■ **Dataset excerpts**:
theorem lemma2:
  fixes d :: int and a1 a2 :: rat
  assumes "d > 1" and "squarefree d"
    and "totally_positive d (a1, a2)"
  shows "reduced d (a1, a2) \<longleftrightarrow>
    \<bar>real_of_rat a2\<bar> / real_of_rat a1 \<le> tanh (regulator d) / sqrt (real_of_int d)"
proof -
  define A B where "A = real_of_rat a1" and "B = real_of_rat a2 * sqrt (real_of_int d)"
  define E where "E = emb1 d ` Collect (is_unit_OK d)"
  have emb: "emb1 d (a1, a2) = A + B" "emb2 d (a1, a2) = A - B"
    by (simp_all add: emb1_def emb2_def A_def B_def)
  have "reduced d (a1, a2) \<longleftrightarrow> (\<forall>x\<in>E. 2 * A \<le> (A + B) * x^2 + (A - B) / x^2)"
    using reduced_iff_emb1_units[OF assms(1,2)] assms(3) by (simp add: E_def emb)
  also have "\<dots> \<longleftrightarrow> \<bar>B\<bar> / A \<le> tanh (ln (Inf {x\<in>E. 1 < x}))"
  proof (rule trace_bound_iff_le_tanh_ln_Inf)
    show "\<bar>B\<bar> < A" using assms(3) by (auto simp: totally_positive_def emb)
    show "0 \<notin> E" using is_unit_OK_emb2_square(1)[OF assms(1,2)] by (auto simp: E_def)
    show "1 / x \<in> E" if "x \<in> E" for x
      using inverse_mem_emb1_units[of d x] that assms(1) by (simp add: E_def)
    show "- x \<in> E" if "x \<in> E" for x
      using uminus_mem_emb1_units that by (simp add: E_def)
    show "\<exists>x\<in>E. 1 < x" using exists_unit_gt_1[OF assms(1,2)] by (auto simp: E_def)
  qed
  also have "ln (Inf {x\<in>E. 1 < x}) = regulator d"
    unfolding regulator_def E_def by (rule arg_cong[where f = "\<lambda>S. ln (Inf S)"]) auto
  also have "\<bar>B\<bar> / A \<le> tanh (regulator d) \<longleftrightarrow>
      \<bar>real_of_rat a2\<bar> / real_of_rat a1 \<le> tanh (regulator d) / sqrt (real_of_int d)"
    using assms(1) by (simp add: A_def B_def abs_mult field_simps)
  finally show ?thesis .
qed

end
(* Fix an index $k\ge 0$ and approximations $x_1^{[k]},\dots,x_m^{[k]}\in(a,b)$. For each $i=1,\dots,m$ assume that the iteration $$x_i^{[k+1]} = x_i^{[k]} - \alpha_i f(x_i^{[k]})\Big[f'(x_i^{[k]}) - f(x_i^{[k]})\,Q_i'(x_i^{[k]})\big[(\alpha_i+1)Q_i(x_i^{[k]})\big]^{-1}\Big]^{-1}\qquad(\ast)$$ is well defined, i.e. $Q_i(x_i^{[k]})\neq 0$ and the bracket being inverted is nonzero. Suppose there are real numbers $A_{is},B_{is}$ ($i,s=1,\dots,m$) such that for every $i$ $$\Phi_i^{(\alpha_i+1)}(x_i)=\sum_{s=1}^m A_{is}\,(x_s^{[k]}-x_s),\qquad \Psi_i^{(\alpha_i-1)}(x_i)=(\alpha_i+1)\big[f^{(\alpha_i)}(x_i)\big]^2+\sum_{s=1}^m B_{is}\,(x_s^{[k]}-x_s).$$ Let $A,B,M,K,P$ be constants with $|A_{is}|\le A$ and $|B_{is}|\le B$ for all $i,s$; $|\Phi_i^{(\alpha_i+2)}(x)|\le M$ and $|\Psi_i^{(\alpha_i)}(x)|\le K$ for all $i$ and all $x$ in the closed interval with endpoints $x_i$ and $x_i^{[k]}$; and $0<P\le |f^{(\alpha_i)}(x_i)|$ for all $i$. Let $c>0$ and $0<q<1$ be real numbers such that for every $i=1,\dots,m$ $$c^2\Big[mA+\frac{M}{\alpha_i+2}\Big] < (\alpha_i+1)^2\alpha_i P^2 - c(\alpha_i+1)\big[\alpha_i B m+K\big].$$ If $|x_i^{[k]}-x_i|<c\,q^{3^k}$ for all $i=1,\dots,m$, then $|x_i^{[k+1]}-x_i|<c\,q^{3^{k+1}}$ for all $i=1,\dots,m$. (In particular, the method $(\ast)$ has third order of convergence.)
   Context: Let $(a,b)$ be a real interval and let $\varphi_0,\dots,\varphi_n$ be infinitely differentiable real functions on $(a,b)$ forming a Chebyshev system there. Let $\alpha_1,\dots,\alpha_m$ be positive integers with $\sum_{j=1}^m\alpha_j=n$. For $x,y_1,\dots,y_m\in(a,b)$ let $D(x;y_1,\dots,y_m)$ denote the determinant of the $(n+1)\times(n+1)$ matrix whose first row is $(\varphi_0(x),\dots,\varphi_n(x))$, followed, for $j=1,\dots,m$ in order and for $r=0,1,\dots,\alpha_j-1$ in order, by the rows $(\varphi_0^{(r)}(y_j),\dots,\varphi_n^{(r)}(y_j))$. Let $x_1,\dots,x_m\in(a,b)$ be distinct and set $f(x)=D(x;x_1,\dots,x_m)$; this is a generalized polynomial $\sum_{j=0}^n a_j\varphi_j(x)$ having zeros $x_1,\dots,x_m$ of multiplicities $\alpha_1,\dots,\alpha_m$. Given approximations $x_1^{[k]},\dots,x_m^{[k]}\in(a,b)$ of these zeros, define for $i=1,\dots,m$ $$Q_i(x)=\frac{\partial^{\alpha_i}}{\partial x^{\alpha_i}}D(x;x_1^{[k]},\dots,x_m^{[k]}),$$ $$\Phi_i(x)=(\alpha_i+1)\big[(x-x_i)f'(x)-\alpha_i f(x)\big]Q_i(x)-(x-x_i)f(x)Q_i'(x),\qquad \Psi_i(x)=(\alpha_i+1)f'(x)Q_i(x)-f(x)Q_i'(x).$$ Derivatives of order $0$ mean the function itself. *)

theory Defs
  imports "HOL-Analysis.Derivative" "Jordan_Normal_Form.Determinant"
begin

text \<open>Indices are 0-based: functions phi 0, ..., phi n; zeros x 0, ..., x (m-1)
  with multiplicities al 0, ..., al (m-1).\<close>

definition smooth_on :: "(real \<Rightarrow> real) \<Rightarrow> real set \<Rightarrow> bool" where
  "smooth_on g S \<longleftrightarrow> (\<forall>k. \<forall>x\<in>S. ((deriv ^^ k) g has_real_derivative (deriv ^^ Suc k) g x) (at x))"

definition chebyshev_system :: "(nat \<Rightarrow> real \<Rightarrow> real) \<Rightarrow> nat \<Rightarrow> real set \<Rightarrow> bool" where
  "chebyshev_system phi n S \<longleftrightarrow>
     (\<forall>t. (\<forall>i\<le>n. t i \<in> S) \<and> inj_on t {..n} \<longrightarrow>
        Determinant.det (mat (Suc n) (Suc n) (\<lambda>(r, c). phi c (t r))) \<noteq> 0)"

■ **What the exercise asks**:
Work through the records above. Copy every line with the string "bool".

■ **Exercise answer**:
definition smooth_on :: "(real \<Rightarrow> real) \<Rightarrow> real set \<Rightarrow> bool" where
definition chebyshev_system :: "(nat \<Rightarrow> real \<Rightarrow> real) \<Rightarrow> nat \<Rightarrow> real set \<Rightarrow> bool" where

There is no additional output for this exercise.